Movie Emotional Event Detection based on

Music Mood and Video Tempo

Yu-Hao Chen, Jin-Hau Kuo, Wei-Ta Chu, and Ja-Ling Wu The Communications and Multimedia Laboratory, Department of Computer Science and Information Engineering,

National Taiwan University, Taipei, Taiwan,

Abstract--Movie is one of the most important entertainments in the history of mankind. But as interests of viewers are various, it's difficult to deal with their requirements by only one principle. In this paper, we develop modules for detecting video tempo and music mood, and present three applications about movie analysis. After applying these two modules we recognize mood of music and develop three applications: music event detection, emotional event detection, and Original Sound Tracks (OST) visualization. Subjective tests show that the mean opinion scores of the experimental results are good.

I. INTRODUCTION

Being one of the hugest industries in this world, movie industry releases around 4500 movies in the world every year, containing approximately 9000 hours of digital movie contents. As movies have made a lot effect to life and thinking of people, there are many great movies worthy to be seen repeatedly. However, as movies are released continuously, it’s more and more difficulty to see every movie from the beginning to the end again. And with the development of content digitalization, it is easier to access the digital content on the Internet now. In addition, more and more movie viewers would like to choose parts of movies according to their favorites. For example, they may want to find their favorite actors, some sad scenes, the best fighting scenes in the movie, and so on. One system that automatically analyzes the movie related data and provides tools for detecting events is of great interest.

Fig.1. The framework of this paper.

In this paper, we present our works about movie analysis by detecting video tempos and music moods. Our work consists of three parts: music mood detection, tempo detection, and integrated applications. The block diagram of the proposed framework is illustrated in Figure 1.

II. DETECTION MODULES

At first, in music mood detection part, we develop three models: speech/music discriminator, music tracking, and mood detection (c.f. Fig.1). In speech/music discrimination, we use the characteristics that there are pauses between syllables and words in speech to classify speech and music. We implement and modify speech/music discriminator proposed by C. Panagiotakis and G. Tziritas [1]. Two audio features, Root Mean Square (RMS) value and Zero Crossing (ZC) rate, are extracted to characterize speech and music. Because music is the main concern of our work, we recognize segments mixed with music and speech as music segments. Since segments whose amplitudes of speech much louder than music are still detected as speech, we developed a Hidden Music Segment Detection (HMSD) method to deal with this situation. Experimental results [4] show that precisions and recalls are improved after using HMSD, and our experimental results show much better detection performance than other proposed methods.

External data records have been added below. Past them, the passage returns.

lemma ln_minus_rational_sign:
  fixes x :: real
  assumes "x > 0"
  defines "f \<equiv> \<lambda>x. ln x - 3 * (x - 1) * (x + 5) / (2 * (x + 2)\<^sup>2)"
  shows "1 \<le> x \<Longrightarrow> 0 \<le> f x" and "x \<le> 1 \<Longrightarrow> f x \<le> 0"
proof -
  have f': "(f has_real_derivative (1 / y - 27 / (y + 2) ^ 3)) (at y)" if "y > 0" for y
    unfolding f_def using ln_minus_rational_has_derivative[OF that] .
  have f1: "f 1 = 0" by (simp add: f_def)
  show "0 \<le> f x" if "1 \<le> x"
    using deriv_nonneg_imp_mono[of 1 x f, OF f'] inverse_ge_27_div_cube that f1 by force
  show "f x \<le> 0" if "x \<le> 1"
    using deriv_nonneg_imp_mono[of x 1 f, OF f'] inverse_ge_27_div_cube that assms f1 by force
qed

lemma xlnx_minus_rational_has_derivative:
  fixes x :: real
  assumes "x > 0"
  shows "((\<lambda>x. x * ln x - x + 1 - 3 * (x - 1)\<^sup>2 / (2 * (x + 2))) has_real_derivative
           (ln x - 3 * (x - 1) * (x + 5) / (2 * (x + 2)\<^sup>2))) (at x)"
proof -
  have "((\<lambda>x. x * ln x - x + 1 - 3 * (x - 1)\<^sup>2 / (2 * (x + 2))) has_real_derivative
      (ln x + x * (1 / x) - 1 - ((3 * (2 * (x - 1))) * (2 * (x + 2)) - 3 * (x - 1)\<^sup>2 * 2)
          / (2 * (x + 2))\<^sup>2)) (at x)"
    using assms by (auto intro!: derivative_eq_intros simp: power2_eq_square)
  moreover have "ln x + x * (1 / x) - 1 - ((3 * (2 * (x - 1))) * (2 * (x + 2)) - 3 * (x - 1)\<^sup>2 * 2)
          / (2 * (x + 2))\<^sup>2 = ln x - 3 * (x - 1) * (x + 5) / (2 * (x + 2)\<^sup>2)"
    using assms by (simp add: field_simps add_pos_pos) algebra
  ultimately show ?thesis by metis
qed
lemma is_shift_V1_V2: "is_shift (V1 \<circ> V2)"
  unfolding is_shift_def
proof (intro conjI allI)
  show "isometry (V1 \<circ> V2)"
    unfolding isometry_def cbounded_linear_def clinear_def
    by (auto simp: clinear_simps intro!: exI[of _ 1])
  have adj: "adj (V1 \<circ> V2) = A2 \<circ> A1"
    using is_adjoint_adj[OF bounded_V1] is_adjoint_adj[OF bounded_V2]
    by (intro adj_eqI is_adjoint_comp)
  fix x
  define g where "g k = (cmod (cinner x (shift_basis k)))\<^sup>2" for k
  have "(\<lambda>m. (norm (((A2 \<circ> A1) ^^ m) x))\<^sup>2) = (\<lambda>m. \<Sum>\<^sub>\<infinity>k. g (fst k + m, snd k + m))"
    by (simp add: parseval[of "((A2 \<circ> A1) ^^ _) x"] cinner_A2_A1_power_shift_basis[of _ _ "fst k" "snd k" for k,
        simplified] g_def)
  also have "\<dots> \<longlonglongrightarrow> 0"
    using summable_on_coeff_sq[of x] by (intro infsum_diagonal_tail_tendsto_0) (simp_all add: g_def)
  finally have "(\<lambda>m. (norm (((A2 \<circ> A1) ^^ m) x))\<^sup>2) \<longlonglongrightarrow> 0" .
  then have "(\<lambda>m. sqrt ((norm (((A2 \<circ> A1) ^^ m) x))\<^sup>2)) \<longlonglongrightarrow> sqrt 0"
    by (rule tendsto_real_sqrt)
  then show "(\<lambda>m. (adj (V1 \<circ> V2) ^^ m) x) \<longlonglongrightarrow> 0"
    by (simp add: adj tendsto_norm_zero_iff)
qed

lemma one_finite: "one_finite_pair V1 V2"
proof -
  have "cross = (\<lambda>x. 0)"
    by (simp add: cross_comm_def A2_V1)
  then show ?thesis
    unfolding one_finite_pair_def compact_normal_pair_def BCL_pair_def
    using pair is_shift_V1_V2 crank_defect compact_op_zero normal_op_zero by simp
qed

end

section \<open>Pairs unitarily equivalent to the model\<close>

definition kronecker :: "nat \<times> nat \<Rightarrow> nat \<times> nat \<Rightarrow> complex" where
  "kronecker j = (\<lambda>k. if k = j then 1 else 0)"

lemma has_sum_kronecker_sq: "((\<lambda>k. (cmod (kronecker j k))\<^sup>2) has_sum 1) UNIV"
  by (rule has_sum_finite_neutralI[where B = "{j}"]) (auto simp: kronecker_def)

lemma sq_summable_coeffs_kronecker: "sq_summable_coeffs (kronecker j)"
  unfolding sq_summable_coeffs_def using has_sum_kronecker_sq summable_on_def by blast

lemma shift_z_kronecker: "shift_z (kronecker (m, n)) = kronecker (Suc m, n)"
  by (rule ext) (auto simp: shift_z_def kronecker_def split: prod.splits)

lemma shift_w_kronecker: "shift_w (kronecker (m, n)) = kronecker (m, Suc n)"
  by (rule ext) (auto simp: shift_w_def kronecker_def split: prod.splits)
lemma row_step_particle_staircase:
  assumes "S \<subseteq> {1..n}" and "S' \<subseteq> {1..n}" and "card S' \<le> card S"
    and "\<forall>i \<in> S'. c < w i" and "\<forall>i \<in> {1..n} - S'. w i = c"
    and "\<forall>i \<in> S'. w i = w' i" and "j \<in> S"
  shows "row_step n w S j =
    (case greedy_fill (\<lambda>j. j \<in> S) (cyc_right n) w'
            (sort_key (\<lambda>i. (- w' i, i)) (sorted_list_of_set S')) Map.empty j of
       Some x \<Rightarrow> x | None \<Rightarrow> c)"
proof -
  obtain Q where take: "take (card S) (col_order n w) = filter (\<lambda>i. i \<in> S') (col_order n w) @ Q"
    and Q: "\<forall>i \<in> set Q. w i = c"
    using col_order_staircase[OF assms(2,4,5,3)] by blast
  define m where "m = greedy_fill (\<lambda>j. j \<in> S) (cyc_right n) w (filter (\<lambda>i. i \<in> S') (col_order n w)) Map.empty"
  have m_eq: "greedy_fill (\<lambda>j. j \<in> S) (cyc_right n) w'
      (sort_key (\<lambda>i. (- w' i, i)) (sorted_list_of_set S')) Map.empty = m"
    unfolding m_def filter_col_order_eq_sort_key[OF assms(2,6), symmetric]
    using assms(6) by (intro greedy_fill_cong) simp
  have labelled: "greedy_fill (\<lambda>j. j \<in> S) (cyc_right n) w Q m j = Some (row_step n w S j)"
    using particle_phase_eq_row_step[OF assms(1,7), of w]
    by (simp add: particle_phase_def take greedy_fill_append m_def)
  show ?thesis
  proof (cases "m j")
    case None
    then show ?thesis
      using greedy_fill_SomeD[OF labelled None] Q m_eq by auto
  next
    case (Some y)
    then show ?thesis
      using greedy_fill_keeps[of m j y "\<lambda>j. j \<in> S" "cyc_right n" w Q] labelled m_eq by simp
  qed
qed

declare LG.simps [simp del] FM.simps [simp del]

lemma LG_top:
  "length B \<le> r \<Longrightarrow>
    LG n B r = (\<lambda>j. if j \<in> B ! (length B - 1) then int (length B) else int (length B) - 1)"
  by (subst LG.simps) simp

lemma LG_step: "r < length B \<Longrightarrow> LG n B r = row_step n (LG n B (Suc r)) (B ! (r - 1))"
  by (subst LG.simps) simp
section \<open>Upper and lower limits of real functions\<close>

lemma Limsup_add_le:
  fixes u v :: "'a \<Rightarrow> real"
  assumes "F \<noteq> bot" and "Limsup F (\<lambda>x. ereal (v x)) \<le> ereal b"
  shows "Limsup F (\<lambda>x. ereal (u x + v x)) \<le> Limsup F (\<lambda>x. ereal (u x)) + ereal b"
proof (rule ereal_le_epsilon2)
  fix e :: real assume "0 < e"
  have "Limsup F (\<lambda>x. ereal (v x)) < ereal (b + e)"
    by (rule le_less_trans[OF assms(2)]) (use \<open>0 < e\<close> in simp)
  then have "eventually (\<lambda>x. v x < b + e) F"
    by (auto dest: Limsup_lessD)
  then have "Limsup F (\<lambda>x. ereal (u x + v x)) \<le> Limsup F (\<lambda>x. ereal (u x) + ereal (b + e))"
    by (intro Limsup_mono) (auto elim: eventually_mono)
  also have "\<dots> = Limsup F (\<lambda>x. ereal (u x)) + ereal (b + e)"
    by (rule Limsup_add_ereal_right[OF assms(1)]) simp
  also have "\<dots> = Limsup F (\<lambda>x. ereal (u x)) + ereal b + ereal e"
    by (simp add: add.assoc)
  finally show "Limsup F (\<lambda>x. ereal (u x + v x)) \<le> Limsup F (\<lambda>x. ereal (u x)) + ereal b + ereal e" .
qed
lemma closed_walk_cases:
  assumes "length W \<ge> 2" "hd W = last W"
  obtains "distinct (butlast W)" "butlast W \<noteq> []" "W = butlast W @ [hd (butlast W)]"
  | A z B C where "W = A @ [z] @ B @ [z] @ C" "C \<noteq> []"
proof (cases "distinct (butlast W)")
  case True
  have ne: "butlast W \<noteq> []" using assms(1) by (cases W rule: rev_cases) auto
  have "hd (butlast W) = hd W" using ne by (cases W rule: rev_cases) auto
  then have "W = butlast W @ [hd (butlast W)]" using assms ne
    by (metis append_butlast_last_id butlast.simps(1))
  then show ?thesis using True ne that(1) by blast
next
  case False
  then obtain A z B C where "butlast W = A @ [z] @ B @ [z] @ C"
    using not_distinct_decomp by blast
  then have "W = A @ [z] @ B @ [z] @ (C @ [last W])"
    using assms(1) by (metis append_assoc append_butlast_last_id list.size(3) not_numeral_le_zero)
  then show ?thesis using that(2) by blast
qed

lemma walk_split_at_repeat:
  assumes "walk E (A @ [z] @ B @ [z] @ C)"
  shows "walk E (z # B @ [z])" "walk E (A @ [z] @ C)"
proof -
  have A: "walk E (A @ [z])" and BC: "walk E ((z # B) @ (z # C))"
    using assms by (auto simp: successively_append_iff)
  then have "walk E ((z # B) @ [z])" and C: "walk E (z # C)"
    by (auto simp: successively_append_iff simp del: append_Cons)
  then show "walk E (z # B @ [z])" by simp
  show "walk E (A @ [z] @ C)"
    using A C successively_append_iff[of _ A "z # C"] successively_append_iff[of _ A "[z]"] by auto
qed

lemma erasures_split_at_repeat:
  "erasures (walk_labels lab (A @ [z] @ B @ [z] @ C)) =
     erasures (walk_labels lab (z # B @ [z])) + erasures (walk_labels lab (A @ [z] @ C))"
  using walk_labels_append[of lab A z "B @ z # C"] walk_labels_append[of lab "z # B" z C]
    walk_labels_append[of lab A z C]
  by simp

text \<open>Splitting a closed walk at a repeated vertex into two shorter closed walks decomposes it
  into simple cycles, so every cycle ratio bound is inherited by closed walks.\<close>

lemma closed_walk_erasures_le:
  assumes cycles: "\<And>cs. simple_cycle E cs \<Longrightarrow> real (cycle_ones lab cs) \<le> t * real (length cs)"
  shows "walk E W \<Longrightarrow> W \<noteq> [] \<Longrightarrow> hd W = last W \<Longrightarrow>
    real (erasures (walk_labels lab W)) \<le> t * real (length W - 1)"
proof (induction "length W" arbitrary: W rule: less_induct)
  case less
  show ?case
  proof (cases "length W \<ge> 2")
    case False
    then obtain a where "W = [a]" using less(3) by (cases W; cases "tl W") auto
    then show ?thesis by (simp add: erasures_def)
  next
    case True
    from this less(4) show ?thesis
    proof (cases rule: closed_walk_cases)
      case 1
      note closed = 1(3)
      from less(2) have "walk E (butlast W @ [hd (butlast W)])" by (subst (asm) closed)
      then have "simple_cycle E (butlast W)"
        using 1(1,2) simple_cycle_iff_closed_walk by blast
      then have "real (cycle_ones lab (butlast W)) \<le> t * real (length W - 1)"
        using cycles by (metis length_butlast)
      moreover have "erasures (walk_labels lab W) = cycle_ones lab (butlast W)"
        by (subst closed) (rule erasures_closed_cycle)
      ultimately show ?thesis by simp
    next
      case (2 A z B C)
      have "walk E (z # B @ [z])" "walk E (A @ [z] @ C)"
        using walk_split_at_repeat less(2)[unfolded 2(1)] by simp_all
      moreover have "hd (A @ [z] @ C) = last (A @ [z] @ C)"
        using 2 less(4) by (cases A) auto
      moreover have "length (z # B @ [z]) < length W" "length (A @ [z] @ C) < length W"
        using 2 by auto
      ultimately have "real (erasures (walk_labels lab (z # B @ [z]))) \<le> t * real (length B + 1)"
        "real (erasures (walk_labels lab (A @ [z] @ C))) \<le> t * real (length A + length C)"
        using less(1)[of "z # B @ [z]"] less(1)[of "A @ [z] @ C"] by simp_all
      then show ?thesis
        using 2(1) erasures_split_at_repeat[of lab A z B C] by (simp add: algebra_simps)
    qed
  qed
qed

text \<open>With \<open>t = -1\<close> the bound above fails for every closed walk of positive length.\<close>

lemma closed_walk_imp_simple_cycle:
  assumes "walk E W" "length W \<ge> 2" "hd W = last W"
  shows "\<exists>cs. simple_cycle E cs"
proof (rule ccontr)
  assume "\<nexists>cs. simple_cycle E cs"
  then have "real (erasures (walk_labels (\<lambda>_. False) W)) \<le> -1 * real (length W - 1)"
    using assms by (intro closed_walk_erasures_le) auto
  then show False using assms(2) by simp
qed

lemma trancl_imp_walk:
  "(a, b) \<in> E\<^sup>+ \<Longrightarrow> \<exists>W. walk E W \<and> hd W = a \<and> last W = b \<and> length W \<ge> 2"
proof (induction rule: converse_trancl_induct)
  case (base y)
  then show ?case by (intro exI[of _ "[y, b]"]) auto
next
  case (step x y)
  then obtain W where W: "walk E W" "hd W = y" "last W = b" "length W \<ge> 2" by blast
  then obtain r where "W = y # r" by (cases W) auto
  then show ?case using W step by (intro exI[of _ "x # W"]) auto
qed

section \<open>Rotations of a cycle\<close>

lemma sum_mod_shift:
  fixes h :: "nat \<Rightarrow> 'a::comm_monoid_add"
  shows "(\<Sum>k<l. h ((k + i) mod l)) = (\<Sum>k<l. h k)"
proof (induction i arbitrary: h)
  case (Suc i)
  have shift1: "(\<Sum>k<l. g ((k + 1) mod l)) = (\<Sum>k<l. g k)" for g :: "nat \<Rightarrow> 'a"
  proof (cases l)
    case (Suc m)
    have "(\<Sum>k<Suc m. g ((k + 1) mod Suc m)) = (\<Sum>k<m. g ((k + 1) mod Suc m)) + g 0"
      by simp
    also have "(\<Sum>k<m. g ((k + 1) mod Suc m)) = (\<Sum>k<m. g (Suc k))"
      by (rule sum.cong) auto
    finally show ?thesis
      using Suc by (simp add: sum.lessThan_Suc_shift ac_simps del: sum.lessThan_Suc)
  qed simp
  have "(\<Sum>k<l. h ((k + Suc i) mod l)) = (\<Sum>k<l. h ((((k + 1) mod l) + i) mod l))"
    by (rule sum.cong) (auto simp: mod_add_left_eq)
  also have "\<dots> = (\<Sum>k<l. h ((k + i) mod l))"
    using shift1[of "\<lambda>k. h ((k + i) mod l)"] .
  finally show ?case using Suc by simp
qed simp

lemma ex_ge_average:
  fixes f :: "nat \<Rightarrow> nat"
  assumes "(\<Sum>k<l. f k) = c" "0 < l"
  shows "\<exists>k<l. c \<le> f k * l"
proof (rule ccontr)
  assume "\<not> ?thesis"
  then have "(\<Sum>k<l. f k * l) < (\<Sum>k<l. c)"
    using assms(2) by (intro sum_strict_mono) auto
  then show False using assms(1) by (simp add: sum_distrib_right[symmetric])
qed

definition rotation_walk :: "'s list \<Rightarrow> nat \<Rightarrow> nat \<Rightarrow> 's list" where
  "rotation_walk cs k N = map (\<lambda>i. cs ! ((k + i) mod length cs)) [0..<Suc N]"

Because music segments with different compositions may be merged together in speech/music discrimination, the music tracking module (c.f. Fig.1) is used to find the boundaries of different compositions. Timbre and intensity features are adopted to detect changes in audio amplitude and timbre. We modify the mood tracking in [2] to fit the usage of our movie analysis.

After music tracking, we detect music mood in each music segment. Timbre and rhythm features are used, and Gaussian Mixture Model (GMM) is chosen as our training algorithm. Music mood detection is not easy, and two issues make it more difficult. First, classes of music in movies are unlimited. Second, there are many sound effects and speeches in movies. Precisions and recalls in our experimental results are about 40% to 60% [4]. We, therefore, modify our mood detection module with user intervention.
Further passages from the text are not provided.